### The task
From the listing below, pull each line that includes "induction".
'''
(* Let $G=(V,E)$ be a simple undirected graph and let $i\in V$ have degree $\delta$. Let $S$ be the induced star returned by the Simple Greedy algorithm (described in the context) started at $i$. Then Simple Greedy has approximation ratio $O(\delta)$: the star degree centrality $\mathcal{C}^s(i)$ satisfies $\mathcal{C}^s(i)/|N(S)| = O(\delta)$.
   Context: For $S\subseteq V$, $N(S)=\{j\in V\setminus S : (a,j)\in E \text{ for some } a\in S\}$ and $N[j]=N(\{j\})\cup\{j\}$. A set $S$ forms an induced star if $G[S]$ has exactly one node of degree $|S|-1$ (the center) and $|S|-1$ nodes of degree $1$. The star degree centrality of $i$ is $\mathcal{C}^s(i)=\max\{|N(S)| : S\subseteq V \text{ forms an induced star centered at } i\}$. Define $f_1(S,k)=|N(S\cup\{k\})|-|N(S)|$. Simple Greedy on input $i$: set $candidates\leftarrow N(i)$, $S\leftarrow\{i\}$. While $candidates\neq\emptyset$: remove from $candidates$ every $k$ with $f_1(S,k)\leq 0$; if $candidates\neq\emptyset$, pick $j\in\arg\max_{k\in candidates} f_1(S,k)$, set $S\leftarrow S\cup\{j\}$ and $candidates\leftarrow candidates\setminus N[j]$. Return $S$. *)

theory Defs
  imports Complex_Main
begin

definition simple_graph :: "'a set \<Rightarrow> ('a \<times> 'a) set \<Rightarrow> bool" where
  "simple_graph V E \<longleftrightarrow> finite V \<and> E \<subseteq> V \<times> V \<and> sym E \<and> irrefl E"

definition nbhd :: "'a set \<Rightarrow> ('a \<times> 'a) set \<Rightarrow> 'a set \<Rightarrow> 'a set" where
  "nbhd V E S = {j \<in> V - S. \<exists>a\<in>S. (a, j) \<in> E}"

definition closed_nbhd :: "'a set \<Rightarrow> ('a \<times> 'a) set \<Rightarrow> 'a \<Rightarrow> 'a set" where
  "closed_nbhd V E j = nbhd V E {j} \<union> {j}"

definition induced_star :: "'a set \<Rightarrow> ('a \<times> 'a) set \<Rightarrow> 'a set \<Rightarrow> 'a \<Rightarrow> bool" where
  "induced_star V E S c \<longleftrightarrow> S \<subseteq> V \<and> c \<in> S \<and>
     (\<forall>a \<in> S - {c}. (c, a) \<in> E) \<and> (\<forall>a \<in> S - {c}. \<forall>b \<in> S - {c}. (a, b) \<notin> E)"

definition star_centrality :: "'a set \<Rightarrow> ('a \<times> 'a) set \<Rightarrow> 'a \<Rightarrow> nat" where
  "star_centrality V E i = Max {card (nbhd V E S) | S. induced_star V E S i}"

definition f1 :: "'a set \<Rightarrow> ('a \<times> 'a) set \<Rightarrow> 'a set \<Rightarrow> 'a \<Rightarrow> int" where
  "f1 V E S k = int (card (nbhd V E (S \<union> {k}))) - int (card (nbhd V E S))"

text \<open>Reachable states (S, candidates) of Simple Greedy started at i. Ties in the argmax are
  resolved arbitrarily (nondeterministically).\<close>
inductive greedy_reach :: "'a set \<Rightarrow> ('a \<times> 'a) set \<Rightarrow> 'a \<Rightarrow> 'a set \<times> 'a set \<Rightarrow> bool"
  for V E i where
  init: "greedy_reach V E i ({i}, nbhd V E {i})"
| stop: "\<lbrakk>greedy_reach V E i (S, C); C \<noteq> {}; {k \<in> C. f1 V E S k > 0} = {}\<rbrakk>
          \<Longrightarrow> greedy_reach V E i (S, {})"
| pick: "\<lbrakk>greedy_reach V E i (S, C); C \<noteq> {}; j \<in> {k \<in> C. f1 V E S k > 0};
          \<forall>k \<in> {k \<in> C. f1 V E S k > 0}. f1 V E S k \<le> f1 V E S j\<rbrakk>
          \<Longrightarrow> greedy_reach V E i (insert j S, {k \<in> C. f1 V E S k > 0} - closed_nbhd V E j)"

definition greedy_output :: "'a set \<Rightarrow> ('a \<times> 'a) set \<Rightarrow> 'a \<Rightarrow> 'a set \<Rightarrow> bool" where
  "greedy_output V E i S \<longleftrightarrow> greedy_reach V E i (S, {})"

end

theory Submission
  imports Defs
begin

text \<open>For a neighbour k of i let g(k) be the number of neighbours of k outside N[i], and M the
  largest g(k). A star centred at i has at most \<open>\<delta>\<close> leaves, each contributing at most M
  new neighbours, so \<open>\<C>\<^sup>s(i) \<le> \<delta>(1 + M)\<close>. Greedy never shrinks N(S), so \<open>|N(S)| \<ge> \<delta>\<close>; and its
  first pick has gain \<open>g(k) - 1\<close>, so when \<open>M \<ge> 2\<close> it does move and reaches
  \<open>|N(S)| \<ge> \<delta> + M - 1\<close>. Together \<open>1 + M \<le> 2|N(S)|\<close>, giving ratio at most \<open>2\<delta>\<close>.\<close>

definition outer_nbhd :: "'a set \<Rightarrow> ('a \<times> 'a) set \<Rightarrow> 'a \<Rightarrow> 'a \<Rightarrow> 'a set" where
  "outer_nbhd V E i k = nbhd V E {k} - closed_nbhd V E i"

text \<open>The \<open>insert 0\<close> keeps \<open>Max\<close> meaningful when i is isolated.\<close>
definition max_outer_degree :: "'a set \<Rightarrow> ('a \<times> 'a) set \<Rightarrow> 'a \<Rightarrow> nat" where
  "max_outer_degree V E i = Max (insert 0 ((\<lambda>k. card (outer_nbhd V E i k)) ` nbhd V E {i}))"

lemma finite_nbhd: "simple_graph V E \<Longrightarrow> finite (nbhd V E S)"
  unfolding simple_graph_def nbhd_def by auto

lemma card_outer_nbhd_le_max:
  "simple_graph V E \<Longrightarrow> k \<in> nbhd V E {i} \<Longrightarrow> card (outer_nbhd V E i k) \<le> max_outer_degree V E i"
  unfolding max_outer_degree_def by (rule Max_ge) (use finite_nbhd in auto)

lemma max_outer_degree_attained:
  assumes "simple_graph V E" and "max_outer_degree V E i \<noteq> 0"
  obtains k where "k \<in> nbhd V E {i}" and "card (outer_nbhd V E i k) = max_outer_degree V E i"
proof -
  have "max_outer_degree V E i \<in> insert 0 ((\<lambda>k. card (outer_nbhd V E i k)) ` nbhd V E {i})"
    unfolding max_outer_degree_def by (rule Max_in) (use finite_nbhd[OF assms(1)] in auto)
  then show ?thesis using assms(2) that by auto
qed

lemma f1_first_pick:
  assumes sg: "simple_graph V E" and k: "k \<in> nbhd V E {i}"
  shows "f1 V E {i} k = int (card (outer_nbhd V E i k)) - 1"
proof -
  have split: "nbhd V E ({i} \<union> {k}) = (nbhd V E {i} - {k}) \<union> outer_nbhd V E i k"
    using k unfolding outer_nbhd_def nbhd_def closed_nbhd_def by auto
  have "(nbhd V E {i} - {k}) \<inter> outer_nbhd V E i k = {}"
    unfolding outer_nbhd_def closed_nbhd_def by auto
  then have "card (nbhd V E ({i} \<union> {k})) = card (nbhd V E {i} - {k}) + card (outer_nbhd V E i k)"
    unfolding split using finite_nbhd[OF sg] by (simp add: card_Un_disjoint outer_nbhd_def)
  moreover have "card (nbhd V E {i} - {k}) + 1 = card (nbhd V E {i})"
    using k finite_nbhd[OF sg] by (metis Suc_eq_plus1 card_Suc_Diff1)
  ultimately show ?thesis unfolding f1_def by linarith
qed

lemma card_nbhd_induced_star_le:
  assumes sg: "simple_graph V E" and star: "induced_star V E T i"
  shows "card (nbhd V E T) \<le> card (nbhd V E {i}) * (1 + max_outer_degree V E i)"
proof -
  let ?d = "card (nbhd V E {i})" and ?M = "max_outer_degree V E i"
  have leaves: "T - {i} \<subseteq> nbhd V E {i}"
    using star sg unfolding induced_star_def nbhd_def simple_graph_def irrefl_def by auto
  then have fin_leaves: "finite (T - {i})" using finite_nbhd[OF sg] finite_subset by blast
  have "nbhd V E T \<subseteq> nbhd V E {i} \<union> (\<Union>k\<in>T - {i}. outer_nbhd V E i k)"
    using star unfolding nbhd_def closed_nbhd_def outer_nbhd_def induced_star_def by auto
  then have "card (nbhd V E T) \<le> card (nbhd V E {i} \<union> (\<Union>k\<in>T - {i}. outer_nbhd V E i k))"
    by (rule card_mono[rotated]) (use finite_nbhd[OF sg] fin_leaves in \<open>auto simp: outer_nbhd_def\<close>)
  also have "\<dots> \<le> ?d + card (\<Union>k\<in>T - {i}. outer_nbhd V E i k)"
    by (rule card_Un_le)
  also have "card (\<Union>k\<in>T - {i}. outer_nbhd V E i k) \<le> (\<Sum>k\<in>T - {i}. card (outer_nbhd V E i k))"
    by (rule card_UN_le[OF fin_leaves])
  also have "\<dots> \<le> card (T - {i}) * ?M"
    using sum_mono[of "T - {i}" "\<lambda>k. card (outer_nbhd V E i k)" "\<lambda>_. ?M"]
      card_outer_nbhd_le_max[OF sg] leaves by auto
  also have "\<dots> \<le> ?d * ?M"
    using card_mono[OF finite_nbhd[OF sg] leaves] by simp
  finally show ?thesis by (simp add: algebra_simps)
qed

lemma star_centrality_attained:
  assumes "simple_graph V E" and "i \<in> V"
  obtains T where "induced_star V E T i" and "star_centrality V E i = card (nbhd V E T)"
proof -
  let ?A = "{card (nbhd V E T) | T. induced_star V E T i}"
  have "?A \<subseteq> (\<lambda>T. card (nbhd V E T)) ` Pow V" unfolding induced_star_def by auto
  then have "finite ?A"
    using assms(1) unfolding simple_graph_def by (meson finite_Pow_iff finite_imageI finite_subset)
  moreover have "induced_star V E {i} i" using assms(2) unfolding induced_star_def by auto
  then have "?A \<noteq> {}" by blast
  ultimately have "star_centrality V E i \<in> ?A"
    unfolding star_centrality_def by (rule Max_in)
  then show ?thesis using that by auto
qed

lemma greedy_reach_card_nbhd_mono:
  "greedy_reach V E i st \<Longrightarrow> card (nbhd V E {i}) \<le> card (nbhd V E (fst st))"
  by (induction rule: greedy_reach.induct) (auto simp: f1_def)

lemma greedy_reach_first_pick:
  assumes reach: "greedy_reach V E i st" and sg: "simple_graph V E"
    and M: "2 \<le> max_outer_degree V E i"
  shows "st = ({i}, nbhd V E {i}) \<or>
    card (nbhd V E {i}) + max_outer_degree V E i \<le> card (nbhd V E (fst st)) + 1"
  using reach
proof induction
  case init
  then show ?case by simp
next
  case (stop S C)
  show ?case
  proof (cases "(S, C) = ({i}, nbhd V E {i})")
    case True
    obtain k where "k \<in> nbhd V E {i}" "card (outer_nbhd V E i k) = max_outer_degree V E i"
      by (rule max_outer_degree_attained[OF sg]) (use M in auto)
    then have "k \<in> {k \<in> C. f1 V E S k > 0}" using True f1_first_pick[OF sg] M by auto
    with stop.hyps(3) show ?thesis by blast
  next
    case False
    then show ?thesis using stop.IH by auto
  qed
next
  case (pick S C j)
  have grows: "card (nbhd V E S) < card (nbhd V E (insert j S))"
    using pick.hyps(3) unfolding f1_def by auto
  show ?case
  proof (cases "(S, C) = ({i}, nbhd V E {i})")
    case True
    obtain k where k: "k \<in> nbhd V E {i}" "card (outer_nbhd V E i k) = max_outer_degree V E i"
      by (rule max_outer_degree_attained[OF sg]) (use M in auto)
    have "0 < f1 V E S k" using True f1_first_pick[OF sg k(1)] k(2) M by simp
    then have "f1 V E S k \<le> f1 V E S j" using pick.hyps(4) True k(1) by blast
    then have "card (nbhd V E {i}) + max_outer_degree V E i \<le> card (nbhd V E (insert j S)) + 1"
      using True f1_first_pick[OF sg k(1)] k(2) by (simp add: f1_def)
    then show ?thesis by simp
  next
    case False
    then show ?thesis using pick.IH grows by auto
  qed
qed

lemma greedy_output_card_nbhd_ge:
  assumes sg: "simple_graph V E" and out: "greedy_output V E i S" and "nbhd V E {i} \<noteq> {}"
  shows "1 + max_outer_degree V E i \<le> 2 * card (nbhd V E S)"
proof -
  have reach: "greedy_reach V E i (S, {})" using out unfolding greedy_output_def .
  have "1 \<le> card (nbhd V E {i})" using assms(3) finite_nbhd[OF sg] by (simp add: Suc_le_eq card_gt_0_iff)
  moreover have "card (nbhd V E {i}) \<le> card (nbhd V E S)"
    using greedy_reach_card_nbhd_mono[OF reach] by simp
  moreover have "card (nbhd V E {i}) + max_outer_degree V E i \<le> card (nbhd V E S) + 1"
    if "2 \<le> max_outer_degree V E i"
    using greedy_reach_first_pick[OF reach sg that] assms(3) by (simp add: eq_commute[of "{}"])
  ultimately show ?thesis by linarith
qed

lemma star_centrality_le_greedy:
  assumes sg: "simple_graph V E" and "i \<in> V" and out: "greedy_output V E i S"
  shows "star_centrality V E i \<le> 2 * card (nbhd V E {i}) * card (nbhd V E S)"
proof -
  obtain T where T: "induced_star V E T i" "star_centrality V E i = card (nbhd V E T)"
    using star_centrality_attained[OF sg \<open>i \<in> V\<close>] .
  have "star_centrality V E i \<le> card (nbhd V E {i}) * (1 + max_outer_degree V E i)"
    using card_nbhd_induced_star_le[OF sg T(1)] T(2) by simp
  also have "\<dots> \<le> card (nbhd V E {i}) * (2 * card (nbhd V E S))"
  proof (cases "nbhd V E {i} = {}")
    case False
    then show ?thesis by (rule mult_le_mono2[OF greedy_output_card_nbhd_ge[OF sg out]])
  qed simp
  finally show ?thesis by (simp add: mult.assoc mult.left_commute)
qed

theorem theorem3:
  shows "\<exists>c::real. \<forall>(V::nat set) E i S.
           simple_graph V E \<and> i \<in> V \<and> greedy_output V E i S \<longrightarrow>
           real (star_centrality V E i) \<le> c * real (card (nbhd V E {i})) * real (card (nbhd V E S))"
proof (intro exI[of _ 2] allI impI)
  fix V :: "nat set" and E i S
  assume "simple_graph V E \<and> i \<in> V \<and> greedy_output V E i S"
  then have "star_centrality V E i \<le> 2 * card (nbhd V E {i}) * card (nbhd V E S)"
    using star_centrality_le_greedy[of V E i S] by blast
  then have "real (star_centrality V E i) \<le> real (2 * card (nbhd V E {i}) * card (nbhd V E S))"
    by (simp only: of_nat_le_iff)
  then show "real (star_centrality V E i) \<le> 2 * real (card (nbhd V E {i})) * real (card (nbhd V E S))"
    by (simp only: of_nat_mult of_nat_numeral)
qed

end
'''
### Reply
  by (induction rule: greedy_reach.induct) (auto simp: f1_def)
proof induction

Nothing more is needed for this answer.